> Exercise directions
Find out how many lines in the records have the string "simp" in them, and state only that number.

#### Entries supplied ####

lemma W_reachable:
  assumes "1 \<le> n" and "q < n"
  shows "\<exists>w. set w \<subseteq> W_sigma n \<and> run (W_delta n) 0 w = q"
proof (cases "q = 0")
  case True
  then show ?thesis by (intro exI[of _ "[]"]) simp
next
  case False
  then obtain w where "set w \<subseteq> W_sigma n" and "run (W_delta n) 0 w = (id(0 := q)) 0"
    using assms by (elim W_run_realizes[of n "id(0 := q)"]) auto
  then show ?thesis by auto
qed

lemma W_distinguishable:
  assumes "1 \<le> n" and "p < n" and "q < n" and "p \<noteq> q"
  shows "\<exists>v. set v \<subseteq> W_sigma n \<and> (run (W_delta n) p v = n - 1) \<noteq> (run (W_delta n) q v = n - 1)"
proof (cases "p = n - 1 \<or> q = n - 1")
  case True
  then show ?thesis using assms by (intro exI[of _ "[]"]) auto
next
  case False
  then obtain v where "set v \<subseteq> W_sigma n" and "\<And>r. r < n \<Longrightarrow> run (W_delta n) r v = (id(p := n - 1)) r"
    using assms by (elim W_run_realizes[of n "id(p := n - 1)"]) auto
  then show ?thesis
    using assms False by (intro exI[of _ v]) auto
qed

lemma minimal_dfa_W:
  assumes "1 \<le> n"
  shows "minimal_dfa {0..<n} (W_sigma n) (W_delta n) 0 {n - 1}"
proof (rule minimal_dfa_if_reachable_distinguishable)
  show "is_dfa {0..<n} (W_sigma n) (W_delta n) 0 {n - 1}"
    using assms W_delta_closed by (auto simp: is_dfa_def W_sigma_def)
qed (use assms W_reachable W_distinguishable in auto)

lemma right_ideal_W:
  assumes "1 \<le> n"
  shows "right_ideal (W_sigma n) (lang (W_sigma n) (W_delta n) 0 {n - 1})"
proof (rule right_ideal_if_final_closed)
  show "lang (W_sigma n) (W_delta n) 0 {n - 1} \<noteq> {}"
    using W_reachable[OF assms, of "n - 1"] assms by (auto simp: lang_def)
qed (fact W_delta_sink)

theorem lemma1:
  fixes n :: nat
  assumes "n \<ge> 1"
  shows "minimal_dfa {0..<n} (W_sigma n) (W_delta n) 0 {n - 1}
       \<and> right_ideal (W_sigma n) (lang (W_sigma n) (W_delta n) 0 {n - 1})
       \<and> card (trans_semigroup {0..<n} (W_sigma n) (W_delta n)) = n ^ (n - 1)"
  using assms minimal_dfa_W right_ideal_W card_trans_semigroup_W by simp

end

####

> Exercise solution
4